Go through the listing below and count the lines with "rule" in them. Only the count is needed.
Segment Open
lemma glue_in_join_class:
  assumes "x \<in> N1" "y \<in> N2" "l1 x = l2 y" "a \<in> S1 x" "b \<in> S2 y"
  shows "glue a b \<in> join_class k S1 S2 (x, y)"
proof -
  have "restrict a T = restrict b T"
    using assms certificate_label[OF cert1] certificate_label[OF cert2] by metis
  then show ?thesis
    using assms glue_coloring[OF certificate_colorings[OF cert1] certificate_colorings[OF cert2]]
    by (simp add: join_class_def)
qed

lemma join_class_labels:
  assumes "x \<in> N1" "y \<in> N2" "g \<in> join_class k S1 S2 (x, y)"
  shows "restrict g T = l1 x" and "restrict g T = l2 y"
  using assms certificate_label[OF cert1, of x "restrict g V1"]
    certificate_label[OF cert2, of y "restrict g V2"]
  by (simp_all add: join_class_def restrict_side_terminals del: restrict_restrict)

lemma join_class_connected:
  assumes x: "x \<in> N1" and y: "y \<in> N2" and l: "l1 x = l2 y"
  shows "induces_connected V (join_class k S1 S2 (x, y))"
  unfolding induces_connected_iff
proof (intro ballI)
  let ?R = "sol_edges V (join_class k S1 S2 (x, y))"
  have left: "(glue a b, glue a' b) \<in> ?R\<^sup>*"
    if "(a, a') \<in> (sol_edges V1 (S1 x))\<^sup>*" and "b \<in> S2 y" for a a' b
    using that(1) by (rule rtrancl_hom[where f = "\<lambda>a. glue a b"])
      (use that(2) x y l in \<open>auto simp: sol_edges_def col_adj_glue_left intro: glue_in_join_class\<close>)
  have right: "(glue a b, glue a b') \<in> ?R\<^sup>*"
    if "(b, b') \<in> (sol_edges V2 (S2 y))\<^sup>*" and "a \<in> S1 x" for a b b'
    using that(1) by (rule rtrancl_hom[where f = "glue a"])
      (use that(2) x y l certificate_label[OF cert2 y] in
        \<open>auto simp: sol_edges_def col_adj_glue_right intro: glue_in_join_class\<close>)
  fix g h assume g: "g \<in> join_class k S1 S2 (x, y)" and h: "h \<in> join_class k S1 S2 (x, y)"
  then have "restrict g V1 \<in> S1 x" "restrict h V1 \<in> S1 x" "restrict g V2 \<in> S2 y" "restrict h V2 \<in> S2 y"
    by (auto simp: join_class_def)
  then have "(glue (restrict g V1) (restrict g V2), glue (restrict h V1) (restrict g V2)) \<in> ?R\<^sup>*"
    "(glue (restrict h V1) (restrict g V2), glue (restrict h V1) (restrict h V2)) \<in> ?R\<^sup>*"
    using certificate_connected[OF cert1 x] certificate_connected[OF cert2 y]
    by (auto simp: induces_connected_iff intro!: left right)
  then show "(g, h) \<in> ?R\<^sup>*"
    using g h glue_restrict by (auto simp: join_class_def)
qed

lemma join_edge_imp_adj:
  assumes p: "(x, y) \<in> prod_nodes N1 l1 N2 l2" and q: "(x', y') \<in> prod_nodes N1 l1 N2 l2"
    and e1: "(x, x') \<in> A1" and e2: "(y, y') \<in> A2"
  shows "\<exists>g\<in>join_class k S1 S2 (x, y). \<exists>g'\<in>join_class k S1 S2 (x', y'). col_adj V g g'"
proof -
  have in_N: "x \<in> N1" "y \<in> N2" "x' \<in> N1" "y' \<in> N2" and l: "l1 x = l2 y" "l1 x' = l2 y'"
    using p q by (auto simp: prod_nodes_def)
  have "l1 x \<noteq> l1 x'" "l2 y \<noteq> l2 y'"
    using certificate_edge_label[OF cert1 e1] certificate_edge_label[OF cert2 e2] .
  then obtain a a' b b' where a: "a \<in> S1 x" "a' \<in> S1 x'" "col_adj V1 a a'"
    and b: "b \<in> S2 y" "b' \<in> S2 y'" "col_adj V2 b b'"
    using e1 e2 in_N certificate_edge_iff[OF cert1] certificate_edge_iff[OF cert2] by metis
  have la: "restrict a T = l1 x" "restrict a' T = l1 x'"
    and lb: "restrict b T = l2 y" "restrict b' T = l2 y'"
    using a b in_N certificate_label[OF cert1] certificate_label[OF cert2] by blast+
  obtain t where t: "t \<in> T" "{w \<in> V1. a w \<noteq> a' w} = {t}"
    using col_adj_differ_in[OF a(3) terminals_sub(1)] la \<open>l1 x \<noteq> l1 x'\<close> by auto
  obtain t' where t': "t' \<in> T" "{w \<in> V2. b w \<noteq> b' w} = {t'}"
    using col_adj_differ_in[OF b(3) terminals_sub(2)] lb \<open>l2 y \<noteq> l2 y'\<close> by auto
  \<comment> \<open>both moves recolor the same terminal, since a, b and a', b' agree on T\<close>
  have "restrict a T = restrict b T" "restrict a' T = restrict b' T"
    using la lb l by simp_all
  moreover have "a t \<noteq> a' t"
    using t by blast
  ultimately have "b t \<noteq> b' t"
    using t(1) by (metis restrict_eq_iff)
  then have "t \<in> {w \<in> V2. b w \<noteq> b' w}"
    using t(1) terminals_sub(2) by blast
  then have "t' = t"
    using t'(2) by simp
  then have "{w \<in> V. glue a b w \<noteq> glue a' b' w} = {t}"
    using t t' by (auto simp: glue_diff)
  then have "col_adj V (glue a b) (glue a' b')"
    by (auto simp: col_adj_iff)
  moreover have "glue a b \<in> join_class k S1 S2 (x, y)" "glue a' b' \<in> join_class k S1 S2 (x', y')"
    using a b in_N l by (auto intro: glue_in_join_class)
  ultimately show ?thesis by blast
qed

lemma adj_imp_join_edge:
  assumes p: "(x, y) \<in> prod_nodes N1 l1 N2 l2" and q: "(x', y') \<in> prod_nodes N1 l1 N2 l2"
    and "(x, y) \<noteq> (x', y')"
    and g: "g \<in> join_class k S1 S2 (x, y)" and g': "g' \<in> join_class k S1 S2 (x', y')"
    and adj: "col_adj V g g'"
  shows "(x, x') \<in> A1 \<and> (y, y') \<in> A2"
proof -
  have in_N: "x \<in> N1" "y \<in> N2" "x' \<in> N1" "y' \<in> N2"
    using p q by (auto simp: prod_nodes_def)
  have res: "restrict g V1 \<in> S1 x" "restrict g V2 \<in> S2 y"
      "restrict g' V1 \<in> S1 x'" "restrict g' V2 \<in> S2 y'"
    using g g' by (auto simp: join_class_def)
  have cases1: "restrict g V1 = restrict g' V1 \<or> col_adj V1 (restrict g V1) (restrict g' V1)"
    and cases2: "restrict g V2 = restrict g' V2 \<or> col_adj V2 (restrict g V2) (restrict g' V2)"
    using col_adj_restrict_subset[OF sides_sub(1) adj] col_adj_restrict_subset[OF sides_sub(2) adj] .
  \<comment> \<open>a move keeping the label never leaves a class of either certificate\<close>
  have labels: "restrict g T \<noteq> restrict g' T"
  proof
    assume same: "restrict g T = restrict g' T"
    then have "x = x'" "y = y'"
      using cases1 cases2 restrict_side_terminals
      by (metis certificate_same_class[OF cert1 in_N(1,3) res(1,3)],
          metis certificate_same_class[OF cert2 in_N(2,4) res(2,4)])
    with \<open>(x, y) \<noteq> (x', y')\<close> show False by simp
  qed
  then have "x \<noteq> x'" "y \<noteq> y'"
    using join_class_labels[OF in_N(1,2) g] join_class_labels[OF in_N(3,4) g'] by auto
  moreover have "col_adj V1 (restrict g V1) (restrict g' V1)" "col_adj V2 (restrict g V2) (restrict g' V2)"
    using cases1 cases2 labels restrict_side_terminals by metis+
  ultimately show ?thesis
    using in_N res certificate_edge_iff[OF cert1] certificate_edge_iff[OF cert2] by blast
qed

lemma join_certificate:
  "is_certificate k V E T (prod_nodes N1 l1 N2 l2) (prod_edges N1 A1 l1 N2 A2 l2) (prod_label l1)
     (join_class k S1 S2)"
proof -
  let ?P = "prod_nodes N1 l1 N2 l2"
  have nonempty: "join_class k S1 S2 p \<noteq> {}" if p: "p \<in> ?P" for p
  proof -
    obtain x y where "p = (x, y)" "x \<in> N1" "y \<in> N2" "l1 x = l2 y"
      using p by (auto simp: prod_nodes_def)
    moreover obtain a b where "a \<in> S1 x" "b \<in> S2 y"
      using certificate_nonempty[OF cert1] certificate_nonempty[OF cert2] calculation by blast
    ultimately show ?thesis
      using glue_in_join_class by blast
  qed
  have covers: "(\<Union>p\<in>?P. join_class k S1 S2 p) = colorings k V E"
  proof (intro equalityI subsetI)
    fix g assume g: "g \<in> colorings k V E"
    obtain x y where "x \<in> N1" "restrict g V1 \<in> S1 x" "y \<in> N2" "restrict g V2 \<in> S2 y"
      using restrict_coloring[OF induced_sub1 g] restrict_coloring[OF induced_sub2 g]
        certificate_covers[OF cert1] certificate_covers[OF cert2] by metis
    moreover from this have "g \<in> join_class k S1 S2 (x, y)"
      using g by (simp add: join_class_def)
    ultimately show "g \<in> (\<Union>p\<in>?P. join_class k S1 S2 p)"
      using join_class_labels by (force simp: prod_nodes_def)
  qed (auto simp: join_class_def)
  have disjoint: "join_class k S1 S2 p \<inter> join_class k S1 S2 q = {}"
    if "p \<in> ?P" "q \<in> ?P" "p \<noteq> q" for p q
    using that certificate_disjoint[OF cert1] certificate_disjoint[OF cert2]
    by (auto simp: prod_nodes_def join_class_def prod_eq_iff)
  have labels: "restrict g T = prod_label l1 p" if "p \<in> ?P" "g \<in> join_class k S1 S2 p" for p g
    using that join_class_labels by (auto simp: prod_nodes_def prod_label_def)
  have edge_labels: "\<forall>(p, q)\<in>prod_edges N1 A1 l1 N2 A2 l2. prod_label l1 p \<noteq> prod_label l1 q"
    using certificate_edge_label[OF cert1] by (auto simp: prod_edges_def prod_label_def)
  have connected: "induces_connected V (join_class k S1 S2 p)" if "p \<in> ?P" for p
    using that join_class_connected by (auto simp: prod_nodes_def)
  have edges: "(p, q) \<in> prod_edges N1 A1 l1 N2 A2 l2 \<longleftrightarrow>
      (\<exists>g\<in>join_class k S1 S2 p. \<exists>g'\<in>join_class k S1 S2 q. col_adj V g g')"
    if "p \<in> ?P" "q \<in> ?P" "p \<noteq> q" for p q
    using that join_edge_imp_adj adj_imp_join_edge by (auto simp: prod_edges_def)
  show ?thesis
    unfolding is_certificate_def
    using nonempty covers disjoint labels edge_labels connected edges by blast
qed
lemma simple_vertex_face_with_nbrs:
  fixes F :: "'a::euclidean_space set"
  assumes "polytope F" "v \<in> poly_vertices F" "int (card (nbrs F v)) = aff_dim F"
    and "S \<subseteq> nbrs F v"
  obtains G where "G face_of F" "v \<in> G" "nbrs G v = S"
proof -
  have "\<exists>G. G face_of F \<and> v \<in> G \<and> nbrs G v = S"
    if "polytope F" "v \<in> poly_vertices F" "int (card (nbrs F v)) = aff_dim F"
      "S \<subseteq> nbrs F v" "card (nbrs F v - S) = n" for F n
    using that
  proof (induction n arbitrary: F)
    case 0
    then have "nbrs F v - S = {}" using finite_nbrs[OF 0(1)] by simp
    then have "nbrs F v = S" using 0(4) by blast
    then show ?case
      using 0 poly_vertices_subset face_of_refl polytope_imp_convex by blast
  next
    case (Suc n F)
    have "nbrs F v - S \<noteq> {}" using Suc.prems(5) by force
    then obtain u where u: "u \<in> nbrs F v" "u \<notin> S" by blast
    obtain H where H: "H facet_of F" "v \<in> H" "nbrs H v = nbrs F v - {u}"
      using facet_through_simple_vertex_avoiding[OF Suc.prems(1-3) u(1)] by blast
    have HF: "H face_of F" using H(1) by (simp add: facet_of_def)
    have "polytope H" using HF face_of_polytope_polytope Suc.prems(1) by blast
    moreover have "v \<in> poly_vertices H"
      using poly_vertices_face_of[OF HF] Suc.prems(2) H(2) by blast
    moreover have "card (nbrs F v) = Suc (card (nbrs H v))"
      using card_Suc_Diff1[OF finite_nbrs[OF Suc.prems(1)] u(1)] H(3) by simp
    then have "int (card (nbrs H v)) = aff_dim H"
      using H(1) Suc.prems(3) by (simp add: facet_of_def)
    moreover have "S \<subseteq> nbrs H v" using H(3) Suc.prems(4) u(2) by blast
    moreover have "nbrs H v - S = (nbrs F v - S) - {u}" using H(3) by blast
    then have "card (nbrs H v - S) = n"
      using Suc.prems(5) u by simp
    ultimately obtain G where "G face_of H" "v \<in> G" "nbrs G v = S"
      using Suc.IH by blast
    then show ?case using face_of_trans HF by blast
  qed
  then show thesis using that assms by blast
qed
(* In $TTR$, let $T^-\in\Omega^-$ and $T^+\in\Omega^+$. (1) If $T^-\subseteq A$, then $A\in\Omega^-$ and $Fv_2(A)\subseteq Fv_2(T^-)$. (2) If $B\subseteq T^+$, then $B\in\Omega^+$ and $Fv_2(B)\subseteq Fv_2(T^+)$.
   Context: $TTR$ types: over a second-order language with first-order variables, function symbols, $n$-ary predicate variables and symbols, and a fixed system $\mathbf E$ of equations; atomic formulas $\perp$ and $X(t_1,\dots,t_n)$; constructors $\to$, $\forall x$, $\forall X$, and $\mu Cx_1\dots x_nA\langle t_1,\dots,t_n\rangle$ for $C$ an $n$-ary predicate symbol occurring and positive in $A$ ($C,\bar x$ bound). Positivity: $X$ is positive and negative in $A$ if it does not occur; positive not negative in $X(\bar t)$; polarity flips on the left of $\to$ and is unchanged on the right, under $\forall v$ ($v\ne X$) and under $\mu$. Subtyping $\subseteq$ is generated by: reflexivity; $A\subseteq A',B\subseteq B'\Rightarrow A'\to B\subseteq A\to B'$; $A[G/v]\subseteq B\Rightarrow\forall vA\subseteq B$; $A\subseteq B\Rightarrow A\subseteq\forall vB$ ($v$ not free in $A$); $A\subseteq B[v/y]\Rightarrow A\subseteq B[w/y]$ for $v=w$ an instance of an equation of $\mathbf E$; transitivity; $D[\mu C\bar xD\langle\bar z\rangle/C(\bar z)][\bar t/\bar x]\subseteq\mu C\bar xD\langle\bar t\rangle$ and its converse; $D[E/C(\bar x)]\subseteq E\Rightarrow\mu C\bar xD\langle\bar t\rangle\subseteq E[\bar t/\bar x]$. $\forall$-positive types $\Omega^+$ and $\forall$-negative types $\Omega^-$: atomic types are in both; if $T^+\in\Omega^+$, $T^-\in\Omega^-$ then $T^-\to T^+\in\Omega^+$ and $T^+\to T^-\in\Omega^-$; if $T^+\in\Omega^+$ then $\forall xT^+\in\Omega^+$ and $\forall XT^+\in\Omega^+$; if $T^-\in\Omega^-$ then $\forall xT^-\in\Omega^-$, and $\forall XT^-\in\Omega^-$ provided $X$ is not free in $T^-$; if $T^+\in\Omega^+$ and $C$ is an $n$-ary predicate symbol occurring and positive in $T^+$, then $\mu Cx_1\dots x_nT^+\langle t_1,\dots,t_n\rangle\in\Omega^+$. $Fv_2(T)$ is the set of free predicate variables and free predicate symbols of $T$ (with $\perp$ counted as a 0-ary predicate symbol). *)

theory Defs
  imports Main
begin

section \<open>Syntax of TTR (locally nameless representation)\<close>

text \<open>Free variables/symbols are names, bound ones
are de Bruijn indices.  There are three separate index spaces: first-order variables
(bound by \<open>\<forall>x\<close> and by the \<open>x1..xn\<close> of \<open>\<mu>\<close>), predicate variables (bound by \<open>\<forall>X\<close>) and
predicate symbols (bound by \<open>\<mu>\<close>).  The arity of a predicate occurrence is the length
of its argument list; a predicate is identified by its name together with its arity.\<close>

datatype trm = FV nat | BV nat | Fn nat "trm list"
Segment Closed
__Output for this task__. 2